Вот таким образом она подводит итог моей исповеди. Я не нахожу, что
сказать. Она спрашивает:
- Вы в каком санатории?
Я называю, а она вдруг смеется.
- Я так и думала!
- Что вы думали?
- До свидания! - кричит она, уже убегая.
Какой-то нехороший осадок в душе остается после ее последних слов, и
особенно от ее смеха. Чем-то этот смех нехорош, но чем, мне не догадаться.
И слегка с подпорченным настроением я поднимаюсь в гору к моему месту
обитания.
Наверху аллеи останавливаюсь. Подо мной кипение зелени. Кипарисы и
прочие нерусские деревья, коим даже названия не знаю. А дальше зелени -
синь до самого горизонта. Море. Отсюда, издали и сверху, оно вообще не
воспринимается как нечто существующее особо от прочих земных предметов.
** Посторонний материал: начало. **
theorem corollary2:
  fixes n m p T x0 :: nat and L H yr :: "nat \<Rightarrow> nat"
  defines "N \<equiv> 2 ^ n" and "M \<equiv> 2 ^ m" and "P \<equiv> 2 ^ p"
  assumes L_log: "\<forall>c < N * M. L c < N"
      and H_log: "\<forall>j < N. H j < P"
      and T_pos: "1 \<le> T"
      and yr_range: "\<forall>t \<ge> 1. yr t < P"
      and yr_per: "\<forall>t \<ge> 1. yr (t + T) = yr t"
      and yr_min: "\<forall>T'. 1 \<le> T' \<and> T' < T \<longrightarrow> \<not> (\<forall>t \<ge> 1. yr (t + T') = yr t)"
      and x0_st: "x0 < N"
      and track: "trackable N M L H yr x0"
  shows "(\<forall>u t. (\<forall>s < t. u s \<in> Tu N M L H yr T (s mod T) (traj N L x0 u s))
               \<longrightarrow> Tu N M L H yr T (t mod T) (traj N L x0 u t) \<noteq> {})
       \<and> (\<forall>u. (\<forall>t. u t \<in> Tu N M L H yr T (t mod T) (traj N L x0 u t))
               \<longrightarrow> (\<forall>t \<ge> 1. H (traj N L x0 u t) = yr t))"
proof -
  obtain u0 where u0: "\<forall>t. u0 t < M" "\<forall>t \<ge> 1. H (traj N L x0 u0 t) = yr t"
    using track unfolding trackable_def by blast
  have "betastar N M L H yr T 1 (traj N L x0 u0 1)"
    by (rule betastar_tracking_path[OF is_state_path_traj[OF L_log u0(1) x0_st] yr_per u0(2)]) simp_all
  then have first: "betastar N M L H yr T 1 (nxt N L (u0 0) x0)" by simp
  have start: "Tu N M L H yr T 0 x0 \<noteq> {}"
    using first x0_st u0(1) by (auto simp: Tu_def Txu_def)
  have phase: "t mod T < T" for t using T_pos by simp
  have step: "Tu N M L H yr T (Suc t mod T) (nxt N L i x) \<noteq> {}"
    if "i \<in> Tu N M L H yr T (t mod T) x" for i x t
    using Tu_nonempty[OF phase betastar_closed[OF first] Tu_imp_betastar[OF that]]
    by (simp add: mod_Suc_eq)
  have tracks: "H (nxt N L i x) = yr (Suc t)"
    if "i \<in> Tu N M L H yr T (t mod T) x" for i x t
    using betastar_output[OF _ _ Tu_imp_betastar[OF that]] phase[of t] periodic_Suc_mod[OF yr_per]
    by simp
  show ?thesis
  proof (intro conjI allI impI)
    fix u :: "nat \<Rightarrow> nat" and t :: nat
    assume "\<forall>s < t. u s \<in> Tu N M L H yr T (s mod T) (traj N L x0 u s)"
    then show "Tu N M L H yr T (t mod T) (traj N L x0 u t) \<noteq> {}"
      using start step by (cases t) auto
  next
    fix u :: "nat \<Rightarrow> nat" and t :: nat
    assume "\<forall>t. u t \<in> Tu N M L H yr T (t mod T) (traj N L x0 u t)" "1 \<le> t"
    then show "H (traj N L x0 u t) = yr t"
      using tracks by (cases t) auto
  qed
qed

end
(* Let $Y$ be a complex Banach space and $U:\mathcal B(\mathcal H)\to Y$ a non-null bounded linear operator with $\|U\|<\lambda$. Then for every $n\in\mathbb N$, $1\le p<\infty$ and $1\le q\le\infty$, $$\frac{R_\lambda(\mathbb D,p,U)}{n}\le AP_\lambda(B_{\ell_q^n},p,U)\le\frac{R_\lambda(\mathbb D,p,U)}{n^{\frac1p+\frac1q-1}}.$$
   Context: $\mathcal B(\mathcal H)$: bounded operators on a complex Hilbert space; $\mathbb D$ the open unit disc; $B_{\ell_q^n}$ the open unit ball of $\ell_q^n$. Bounded pluriharmonic $f:\Omega\to\mathcal B(\mathcal H)$ are written $f(z)=\sum_\alpha a_\alpha z^\alpha+\sum_{|\alpha|\ge1}b_\alpha^*\bar z^\alpha$ ($b_0=0$), $\|f\|_\Omega=\sup\|f(z)\|$. $R_\lambda(\Omega,p,U)$: supremum of $r\ge0$ with $\sup_{z\in r\Omega}\sum_\alpha(\|U(a_\alpha)\|^p+\|U(b_\alpha)\|^p)|z^\alpha|^p\le\lambda^p\|f\|_\Omega^p$ for all such $f$. $AP_\lambda(\Omega,p,U)$ ($\Omega\subset\mathbb C^n$): supremum of $\frac1n\sum r_i$ over $r\in\mathbb R^n_{\ge0}$ with $\sum_\alpha(\|U(a_\alpha)\|^p+\|U(b_\alpha)\|^p)r^{p\alpha}\le\lambda^p\|f\|_\Omega^p$ for all such $f$. *)

theory Defs
  imports "HOL-Analysis.Analysis"
begin

text \<open>A complex Hilbert space H is encoded as a real Hilbert space (type class
  real_inner + complete_space) together with an orthogonal operator J with J o J = -id
  (multiplication by i).  Its complex inner product is recovered from the real one.\<close>

definition cstruct_hilbert :: "('h::real_inner \<Rightarrow> 'h) \<Rightarrow> bool" where
  "cstruct_hilbert J \<longleftrightarrow> linear J \<and> (\<forall>x. J (J x) = - x) \<and> (\<forall>x y. inner (J x) (J y) = inner x y)"

text \<open>A complex Banach space Y: real Banach space with complex structure JY making
  the norm complex-homogeneous.\<close>

definition cscale :: "('y::real_vector \<Rightarrow> 'y) \<Rightarrow> complex \<Rightarrow> 'y \<Rightarrow> 'y" where
  "cscale JY c y = Re c *\<^sub>R y + Im c *\<^sub>R JY y"

definition cstruct_banach :: "('y::real_normed_vector \<Rightarrow> 'y) \<Rightarrow> bool" where
  "cstruct_banach JY \<longleftrightarrow> linear JY \<and> (\<forall>y. JY (JY y) = - y) \<and>
     (\<forall>c y. norm (cscale JY c y) = cmod c * norm y)"

text \<open>B(H): the complex-linear bounded operators, i.e. bounded real-linear ones commuting with J.\<close>

definition BH :: "('h::real_normed_vector \<Rightarrow> 'h) \<Rightarrow> ('h \<Rightarrow>\<^sub>L 'h) set" where
  "BH J = {T. \<forall>x. blinfun_apply T (J x) = J (blinfun_apply T x)}"

definition cmul :: "('h::real_normed_vector \<Rightarrow> 'h) \<Rightarrow> complex \<Rightarrow> ('h \<Rightarrow>\<^sub>L 'h) \<Rightarrow> ('h \<Rightarrow>\<^sub>L 'h)" where
  "cmul J c T = Re c *\<^sub>R T + Im c *\<^sub>R (Blinfun J o\<^sub>L T)"

text \<open>Hilbert space adjoint (real adjoint; coincides with the complex adjoint on B(H))\<close>

definition hadj :: "('h::real_inner \<Rightarrow>\<^sub>L 'h) \<Rightarrow> ('h \<Rightarrow>\<^sub>L 'h)" where
  "hadj T = (THE S. \<forall>x y. inner (blinfun_apply T x) y = inner x (blinfun_apply S y))"

definition cbounded_linear_on ::
  "('h::real_normed_vector \<Rightarrow> 'h) \<Rightarrow> ('y::real_normed_vector \<Rightarrow> 'y) \<Rightarrow> (('h \<Rightarrow>\<^sub>L 'h) \<Rightarrow> 'y) \<Rightarrow> bool" where
  "cbounded_linear_on J JY U \<longleftrightarrow>
     (\<forall>S\<in>BH J. \<forall>T\<in>BH J. U (S + T) = U S + U T) \<and>
     (\<forall>c. \<forall>T\<in>BH J. U (cmul J c T) = cscale JY c (U T)) \<and>
     (\<exists>K. \<forall>T\<in>BH J. norm (U T) \<le> K * norm T)"

definition opnorm :: "('h::real_normed_vector \<Rightarrow> 'h) \<Rightarrow> (('h \<Rightarrow>\<^sub>L 'h) \<Rightarrow> 'y::real_normed_vector) \<Rightarrow> real" where
  "opnorm J U = Sup {norm (U T) | T. T \<in> BH J \<and> norm T \<le> 1}"

definition zpow :: "complex ^ 'n::finite \<Rightarrow> nat ^ 'n \<Rightarrow> complex" where
  "zpow z \<alpha> = (\<Prod>i\<in>UNIV. (z $ i) ^ (\<alpha> $ i))"

definition rpow :: "real ^ 'n::finite \<Rightarrow> nat ^ 'n \<Rightarrow> real" where
  "rpow r \<alpha> = (\<Prod>i\<in>UNIV. (r $ i) ^ (\<alpha> $ i))"

definition phf :: "('h::real_inner \<Rightarrow> 'h) \<Rightarrow> (nat ^ 'n::finite \<Rightarrow> ('h \<Rightarrow>\<^sub>L 'h)) \<Rightarrow> (nat ^ 'n \<Rightarrow> ('h \<Rightarrow>\<^sub>L 'h))
     \<Rightarrow> complex ^ 'n \<Rightarrow> ('h \<Rightarrow>\<^sub>L 'h)" where
  "phf J a b z = infsum (\<lambda>\<alpha>. cmul J (zpow z \<alpha>) (a \<alpha>)) UNIV
               + infsum (\<lambda>\<alpha>. cmul J (cnj (zpow z \<alpha>)) (hadj (b \<alpha>))) UNIV"

text \<open>(a,b) are the coefficients of a bounded pluriharmonic function on Omega:
  coefficients in B(H), b_0 = 0, both series converge (unconditionally, in operator norm)
  at every point of Omega, and the resulting function is bounded on Omega.\<close>

definition PH :: "('h::{real_inner,complete_space} \<Rightarrow> 'h) \<Rightarrow> (complex ^ 'n::finite) set
     \<Rightarrow> (nat ^ 'n \<Rightarrow> ('h \<Rightarrow>\<^sub>L 'h)) \<Rightarrow> (nat ^ 'n \<Rightarrow> ('h \<Rightarrow>\<^sub>L 'h)) \<Rightarrow> bool" where
  "PH J \<Omega> a b \<longleftrightarrow>
     (\<forall>\<alpha>. a \<alpha> \<in> BH J \<and> b \<alpha> \<in> BH J) \<and> b 0 = 0 \<and>
     (\<forall>z\<in>\<Omega>. (\<lambda>\<alpha>. cmul J (zpow z \<alpha>) (a \<alpha>)) summable_on UNIV \<and>
             (\<lambda>\<alpha>. cmul J (cnj (zpow z \<alpha>)) (hadj (b \<alpha>))) summable_on UNIV) \<and>
     bounded (phf J a b ` \<Omega>)"

definition supnorm :: "('h::real_inner \<Rightarrow> 'h) \<Rightarrow> (complex ^ 'n::finite) set
     \<Rightarrow> (nat ^ 'n \<Rightarrow> ('h \<Rightarrow>\<^sub>L 'h)) \<Rightarrow> (nat ^ 'n \<Rightarrow> ('h \<Rightarrow>\<^sub>L 'h)) \<Rightarrow> real" where
  "supnorm J \<Omega> a b = (SUP z\<in>\<Omega>. norm (phf J a b z))"

definition Rlam :: "('h::{real_inner,complete_space} \<Rightarrow> 'h) \<Rightarrow> (('h \<Rightarrow>\<^sub>L 'h) \<Rightarrow> 'y::real_normed_vector)
     \<Rightarrow> real \<Rightarrow> (complex ^ 'n::finite) set \<Rightarrow> real \<Rightarrow> real" where
  "Rlam J U lam \<Omega> p = Sup {r. 0 \<le> r \<and>
     (\<forall>a b. PH J \<Omega> a b \<longrightarrow>
        (SUP z \<in> (\<lambda>w. r *\<^sub>R w) ` \<Omega>.
           infsum (\<lambda>\<alpha>. ennreal ((norm (U (a \<alpha>)) powr p + norm (U (b \<alpha>)) powr p)
                                  * norm (zpow z \<alpha>) powr p)) UNIV)
        \<le> ennreal (lam powr p * supnorm J \<Omega> a b powr p))}"

definition APlam :: "('h::{real_inner,complete_space} \<Rightarrow> 'h) \<Rightarrow> (('h \<Rightarrow>\<^sub>L 'h) \<Rightarrow> 'y::real_normed_vector)
     \<Rightarrow> real \<Rightarrow> (complex ^ 'n::finite) set \<Rightarrow> real \<Rightarrow> real" where
  "APlam J U lam \<Omega> p = Sup {(\<Sum>i\<in>UNIV. r $ i) / real CARD('n) | r :: real ^ 'n. (\<forall>i. 0 \<le> r $ i) \<and>
     (\<forall>a b. PH J \<Omega> a b \<longrightarrow>
        infsum (\<lambda>\<alpha>. ennreal ((norm (U (a \<alpha>)) powr p + norm (U (b \<alpha>)) powr p)
                                * rpow r \<alpha> powr p)) UNIV
        \<le> ennreal (lam powr p * supnorm J \<Omega> a b powr p))}"
lemma multiplicity_central_binomial:
  fixes p :: nat
  assumes p: "prime p"
  shows "multiplicity p ((2 * M) choose M) = (\<Sum>i\<in>{1..2 * M}. 2 * M div p ^ i - 2 * (M div p ^ i))"
proof -
  have "fact M * fact M * ((2 * M) choose M) = (fact (2 * M) :: nat)"
    using binomial_fact_lemma[of M "2 * M"] by simp
  then have fact_2M: "multiplicity p (fact (2 * M) :: nat)
      = 2 * multiplicity p (fact M :: nat) + multiplicity p ((2 * M) choose M)"
    using p by (simp add: prime_elem_multiplicity_mult_distrib flip: \<open>_ = fact (2 * M)\<close>)
  have "2 * (M div p ^ i) \<le> 2 * M div p ^ i" for i
    by (rule div_double_bounds) (use prime_gt_0_nat[OF p] in simp)
  then have "(\<Sum>i\<in>{1..2 * M}. 2 * M div p ^ i - 2 * (M div p ^ i))
      = (\<Sum>i\<in>{1..2 * M}. 2 * M div p ^ i) - (\<Sum>i\<in>{1..2 * M}. 2 * (M div p ^ i))"
    by (intro sum_subtractf_nat) auto
  also have "\<dots> = multiplicity p (fact (2 * M) :: nat) - 2 * multiplicity p (fact M :: nat)"
    using multiplicity_fact[OF p, of M "2 * M"] multiplicity_fact[OF p, of "2 * M" "2 * M"]
    by (simp add: sum_distrib_left)
  finally show ?thesis using fact_2M by simp
qed

lemma prime_power_multiplicity_central_binomial_le:
  fixes p :: nat
  assumes p: "prime p" and "1 \<le> M"
  shows "p ^ multiplicity p ((2 * M) choose M) \<le> 2 * M"
proof (rule ccontr)
  define v where "v = multiplicity p ((2 * M) choose M)"
  define T where "T i = 2 * M div p ^ i - 2 * (M div p ^ i)" for i
  assume "\<not> p ^ multiplicity p ((2 * M) choose M) \<le> 2 * M"
  then have big: "2 * M < p ^ v" unfolding v_def by simp
  then have "v \<noteq> 0" using \<open>1 \<le> M\<close> by (cases v) auto
  have "T i \<le> 1" for i
    unfolding T_def using div_double_bounds(2)[of "p ^ i" M] prime_gt_0_nat[OF p] by simp
  have "T i = 0" if "\<not> i < v" for i
  proof -
    have "p ^ v \<le> p ^ i" using that prime_gt_0_nat[OF p] by (simp add: power_increasing)
    then show ?thesis using big unfolding T_def by simp
  qed
  have "v = (\<Sum>i\<in>{1..2 * M}. T i)"
    unfolding v_def T_def by (rule multiplicity_central_binomial[OF p])
  also have "\<dots> = (\<Sum>i\<in>{1..2 * M} \<inter> {1..<v}. T i)"
    using \<open>\<And>i. \<not> i < v \<Longrightarrow> T i = 0\<close>
    by (intro sum.mono_neutral_right) auto
  also have "\<dots> \<le> card ({1..2 * M} \<inter> {1..<v})"
    using sum_bounded_above[of "{1..2 * M} \<inter> {1..<v}" T 1] \<open>\<And>i. T i \<le> 1\<close> by simp
  also have "\<dots> \<le> v - 1"
    using card_mono[of "{1..<v}" "{1..2 * M} \<inter> {1..<v}"] by simp
  finally have "v \<le> v - 1" .
  then show False using \<open>v \<noteq> 0\<close> by simp
qed

lemma card_squares_le_floor_sqrt: "card {k::nat. 0 < k \<and> k * k \<le> m} \<le> nat \<lfloor>sqrt (real m)\<rfloor>"
proof -
  have "{k::nat. 0 < k \<and> k * k \<le> m} \<subseteq> {1..nat \<lfloor>sqrt (real m)\<rfloor>}"
  proof
    fix k assume "k \<in> {k::nat. 0 < k \<and> k * k \<le> m}"
    then have "0 < k" "real k ^ 2 \<le> real m" by (auto simp: power2_eq_square simp flip: of_nat_mult)
    then show "k \<in> {1..nat \<lfloor>sqrt (real m)\<rfloor>}" by (auto simp: le_nat_floor real_le_rsqrt)
  qed
  then show ?thesis using card_mono[of "{1..nat \<lfloor>sqrt (real m)\<rfloor>}"] by fastforce
qed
Пространство цвета и не более. Но в чем-то мое отношение к морю иное, чем,
положим, вчера и ранее. Между нами - мной и морем - появилась связь, и я
готов согласиться, что эта связь скорее добрая, чем какая-либо другая.
Скорее всего, море более не существует для меня само по себе, оно повязано
со всем, что произошло, нечто, достойное именоваться событием. Тем более
что последний аккорд прозвучал весьма сомнительно. Что означал ее смех? И
этот вопрос о санатории? Две Людмилы стояли перед глазами: слушающая меня
и смеющаяся мне в лицо. Но скажем: "Девчонка!" И поставим на этом точку.
Вечером этого же дня на меня нападает хандра. Этот тип хандры мне
хорошо известен и понятен. В основе его - недовольство собой, очень хитрое
недовольство, то есть это когда одной частью сознания понимаешь, что
совершил какую-то глупость, а другой частью усиленно сопротивляешься тому,
чтобы четко сформулировать эту глупость. Такой своеобразный способ
полупокаяния, оставляющий кающемуся возможность до конца не признаваться в
грехе. В сущности, это состояние паралича сознания, потому что воля
отключена начисто, а что такое сознание без воли? Фикция.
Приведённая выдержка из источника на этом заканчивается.